Does the radius of the Universe correspond to its total entropy? I heard a claim that due to holographic principle, the surface area of the cosmic horizon corresponds to the universe's total entropy.
As such the initial state had zero surface area and later expanded. 
Given this, I wonder whether any increase in entropy (such as producing heat by means of electric power) causes the universe to expand?
 A: The wikipedia article about the holographic principle does not suggest, that this is well-accepted and founded theory :)  
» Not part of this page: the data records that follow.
lemma theta_hat_infidelity:
  assumes l: "l \<ge> 1"
    and near: "\<And>k. 1 \<le> k \<Longrightarrow> k \<le> l \<Longrightarrow> near_mod1 (1/6) (tval N (Nx k) (Ny k)) (2^(k-1) * \<theta>)"
  shows "1 - fidelity (Umat (theta_hat l N Nx Ny)) (Umat \<theta>) \<le> pi\<^sup>2 / (9 * 4^l)"
proof -
  define x where "x = (\<lambda>k. rmod (tval N (Nx k) (Ny k) - 1/6) 1)"
  have "near_mod1 (1/6) (x k) (2^(k-1) * \<theta> - 1/6)" if "1 \<le> k" "k \<le> Suc (l - 1)" for k
    unfolding x_def by (rule near_mod1_rmod_shift, rule near) (use that l in auto)
  then obtain \<epsilon> m where \<epsilon>: "\<bar>\<epsilon>\<bar> \<le> 1/6"
    and z: "zrec x (l - 1) = 2^(l-1) * \<theta> - 1/6 + \<epsilon> + 2^(l-1) * of_int m"
    using zrec_error[of "l - 1" x \<theta>] by blast
  define q where "q = (zrec x (l - 1) + 1/6) / 2^(l-1)"
  have "theta_hat l N Nx Ny = q - of_int \<lfloor>q\<rfloor>"
    unfolding theta_hat_def Let_def q_def x_def by (simp add: rmod_def)
  also have "\<dots> = \<theta> + \<epsilon> / 2^(l-1) + of_int (m - \<lfloor>q\<rfloor>)"
    unfolding q_def z by (simp add: field_simps)
  finally have "1 - fidelity (Umat (theta_hat l N Nx Ny)) (Umat \<theta>) \<le> (pi * (\<epsilon> / 2^(l-1)))\<^sup>2"
    by (rule one_minus_fidelity_Umat_le)
  also have "\<dots> = pi\<^sup>2 * (4 * \<epsilon>\<^sup>2) / 4^l"
  proof -
    have "(2::real)^l = 2 * 2^(l-1)"
      using l by (cases l) auto
    moreover have "(4::real)^l = (2^l)\<^sup>2"
      unfolding power2_eq_square power_mult_distrib[symmetric] by simp
    ultimately have "(4::real)^l = 4 * (2^(l-1))\<^sup>2"
      by (simp add: power_mult_distrib)
    then show ?thesis
      by (simp add: power_divide power_mult_distrib)
  qed
  also have "\<dots> \<le> pi\<^sup>2 * (4 * (1/6)\<^sup>2) / 4^l"
  proof -
    have "\<epsilon>\<^sup>2 \<le> (1/6)\<^sup>2"
      using \<epsilon> by (metis abs_ge_zero power2_abs power_mono)
    then show ?thesis
      by (intro divide_right_mono mult_left_mono) auto
  qed
  also have "\<dots> = pi\<^sup>2 / (9 * 4^l)"
    by (simp add: power2_eq_square)
  finally show ?thesis .
qed

lemma near_mod1_of_cos_gt_half:
  assumes "cos y > 1/2"
  shows "near_mod1 (1/6) (y / (2 * pi)) 0"
proof -
  define k where "k = \<lfloor>(y + pi) / (2 * pi)\<rfloor>"
  define w where "w = y - 2 * pi * of_int k"
  have "of_int k \<le> (y + pi) / (2 * pi)" "(y + pi) / (2 * pi) < of_int k + 1"
    unfolding k_def by linarith+
  then have w: "-pi \<le> w" "w < pi"
    unfolding w_def by (simp_all add: field_simps)
  have "cos \<bar>w\<bar> = cos y"
    unfolding w_def by (simp add: abs_if cos_diff)
  moreover have "\<bar>w\<bar> \<le> pi"
    using w by linarith
  ultimately have "\<not> pi / 3 \<le> \<bar>w\<bar>"
    using cos_monotone_0_pi_le[of "pi / 3" "\<bar>w\<bar>"] assms cos_60 by auto
  then have "\<bar>w / (2 * pi)\<bar> < 1/6"
    by (simp add: abs_divide)
  moreover have "y / (2 * pi) = 0 + w / (2 * pi) + of_int k"
    unfolding w_def by (simp add: field_simps)
  ultimately show ?thesis
    unfolding near_mod1_def by blast
qed

lemma near_mod1_Arg2pi:
  assumes "(X - cos \<phi>)\<^sup>2 + (Y - sin \<phi>)\<^sup>2 < 3/4"
  shows "near_mod1 (1/6) (Arg2pi (Complex X Y) / (2 * pi)) (\<phi> / (2 * pi))"
proof -
  define A where "A = Arg2pi (Complex X Y)"
  define r where "r = cmod (Complex X Y)"
  define p where "p = X * cos \<phi> + Y * sin \<phi>"
  have polar: "r * cos A = X" "r * sin A = Y"
    unfolding r_def A_def using cos_Arg2pi[of "Complex X Y"] sin_Arg2pi[of "Complex X Y"] by auto
  have "r\<^sup>2 = X\<^sup>2 + Y\<^sup>2"
    unfolding r_def by (simp add: cmod_power2)
  moreover have "(X - cos \<phi>)\<^sup>2 + (Y - sin \<phi>)\<^sup>2 = X\<^sup>2 + Y\<^sup>2 - 2 * p + ((sin \<phi>)\<^sup>2 + (cos \<phi>)\<^sup>2)"
    unfolding p_def power2_diff by simp
  ultimately have "(X - cos \<phi>)\<^sup>2 + (Y - sin \<phi>)\<^sup>2 = r\<^sup>2 - 2 * p + 1"
    by simp
  then have lt: "r\<^sup>2 < 2 * p - 1/4"
    using assms by simp
  then have p: "p > 0"
    using zero_le_power2[of r] by linarith
  have "2 * p - 1/4 \<le> (2 * p)\<^sup>2"
    using zero_le_power2[of "2 * p - 1/2"] by (simp add: power2_eq_square algebra_simps)
  with lt have "r\<^sup>2 < (2 * p)\<^sup>2"
    by linarith
  with p have "r < 2 * p"
    by (auto intro: power2_less_imp_less)
  moreover have rcos: "r * cos (A - \<phi>) = p"
    unfolding cos_diff p_def polar[symmetric] by (simp add: algebra_simps)
  ultimately have "r * 1 < r * (2 * cos (A - \<phi>))"
    by simp
  moreover have "r > 0"
    using rcos p by (cases "r = 0") (auto simp: r_def)
  ultimately have "cos (A - \<phi>) > 1/2"
    by (simp only: mult_less_cancel_left_pos)
  then obtain e k where "\<bar>e\<bar> < 1/6" "(A - \<phi>) / (2 * pi) = 0 + e + of_int k"
    using near_mod1_of_cos_gt_half unfolding near_mod1_def by blast
  moreover have "A / (2 * pi) = \<phi> / (2 * pi) + (A - \<phi>) / (2 * pi)"
    by (simp add: diff_divide_distrib)
  ultimately show ?thesis
    unfolding A_def near_mod1_def by auto
qed

lemma near_mod1_tval:
  assumes N: "N > 0" and s: "s\<^sup>2 \<le> 3/32"
    and nx: "\<bar>real nx / real N - (1 + cos \<phi>) / 2\<bar> < s"
    and ny: "\<bar>real ny / real N - (1 + sin \<phi>) / 2\<bar> < s"
  shows "near_mod1 (1/6) (tval N nx ny) (\<phi> / (2 * pi))"
proof -
  define X where "X = 2 * real nx / real N - 1"
  define Y where "Y = 2 * real ny / real N - 1"
  have X: "X - cos \<phi> = 2 * (real nx / real N - (1 + cos \<phi>) / 2)"
    and Y: "Y - sin \<phi> = 2 * (real ny / real N - (1 + sin \<phi>) / 2)"
    unfolding X_def Y_def using N by (simp_all add: field_simps)
  have "\<bar>X - cos \<phi>\<bar> < 2 * s" "\<bar>Y - sin \<phi>\<bar> < 2 * s"
    unfolding X Y abs_mult using nx ny by simp_all
  then have "(X - cos \<phi>)\<^sup>2 < (2 * s)\<^sup>2" "(Y - sin \<phi>)\<^sup>2 < (2 * s)\<^sup>2"
    by (metis abs_ge_zero power2_abs power_strict_mono zero_less_numeral pos2)+
  with s have "(X - cos \<phi>)\<^sup>2 + (Y - sin \<phi>)\<^sup>2 < 3/4"
    by (simp add: power_mult_distrib)
  then have "near_mod1 (1/6) (rmod (Arg2pi (Complex X Y) / (2 * pi) - 0) 1) (\<phi> / (2 * pi) - 0)"
    by (intro near_mod1_rmod_shift near_mod1_Arg2pi)
  then show ?thesis
    unfolding tval_def atan2_def X_def Y_def by (simp add: rmod_div)
qed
The ideas seem to be somehow based on the concept of the Bekenstein-Hawking entropy for a black hole. This is supposed to be the entropy of a black hole from outside (according to the no-hair-theorem the black hole has only three numbers that describe it, so any information about the things that fall into it is lost, and simultaneously it is supposed to have a high entropy proportional to the area of the event horizon - modern physicists are crazy!).
In this case, to get back to your question, the event horizon is not influenced by anything happening inside the black hole (obviously, this would imply information getting outside).  
The argument against the radius of the universe depending on the events inside it is analogous: it was expanding with more than $c$ and is too far away to be affected by this. 
A: Well if I go in a simple way, it's all the interaction of matter with each other on both the quantum and large scale and the energy released in this process continually increases the entropy of the universe and thus expanding the cosmic horizon. But the major quantum fluctuations are very very very small i.e. something around $10^{-123}\,.$ Now scientists are wondering how these minute fluctuations result in the increase in the entropy. 
A: This is a very good question. But before I attempt to give you some of the details, the increase in the entropy is not what causes the universe to expand but is rather a consequence of the expanding universe. In fact, to understand why the entropy of the universe was so low before the inflationary epoch is an open question. Based on this question, I am assuming you are interested in de Sitter spacetimes. 
Unlike flat space and anti-de Sitter spacetimes, de Sitter is a bit more nontrivial to deal with. In trying to compute the entropy and other thermodynamic quantities like for black holes, we can proceed by computing the quantity $$\frac{dS}{dE} = \frac{1}{T}$$ which for de Sitter is $$\frac{dS_{dS}}{dE_{dS}} = \frac{1}{T_{dS}}.$$ Let us stick to the case of 2+1 dimensions for now. In the case of 2 + 1 dimensional de Sitter spacetime, we have no good understanding of the meaning of $E_{dS}$ because once we fix the cosmological constant value, unlike the case of Schwarzschild spacetimes, we do not get a family of metrics as the solutions but rather only one solution which indicates the presence of a cosmological singularity. 
So to get around this, we start with a Schwarzschild like object in $dS_3$
$$ds^2 = -(1- 8GE - r^2) dt^2 + (1- 8GE - r^2) ^{-1} dr^2 + r^2 d\phi^2 $$ where $1 - 8 G$  is the square of the radius of the de Sitter horizon or $r_H^2$. You can analytically continue this to the complex plane and compute the temperature via the periodicity of the Green's functions solution and you find that the entropy is $$T = \frac{\sqrt{1- 8GE}}{2\pi}.$$ Plug this back into the differential equation for the entropy and using the value of $r_H$, you find that the area is given by $S = \frac{A}{4G}$.
This is also achieved via a different method i.e. via the algebra of global diffeomorphisms in $dS_3$ similar to the Brown-Henneaux approach in which case you compute the central charge of the field theory that lives on the boundary and compute the entropy via the Cardy formula. See the paper by Balasumbramanian et. al. 
For a conjecture on higher dimensional de Sitter spacetimes, see this paper by Bousso. For proof of this bound in the classical and quantum limit see this paper and this paper too!
The holographic principle is a very broad and generic conjecture and its proof will take a lot more scientific effort. But maybe we're on the right track.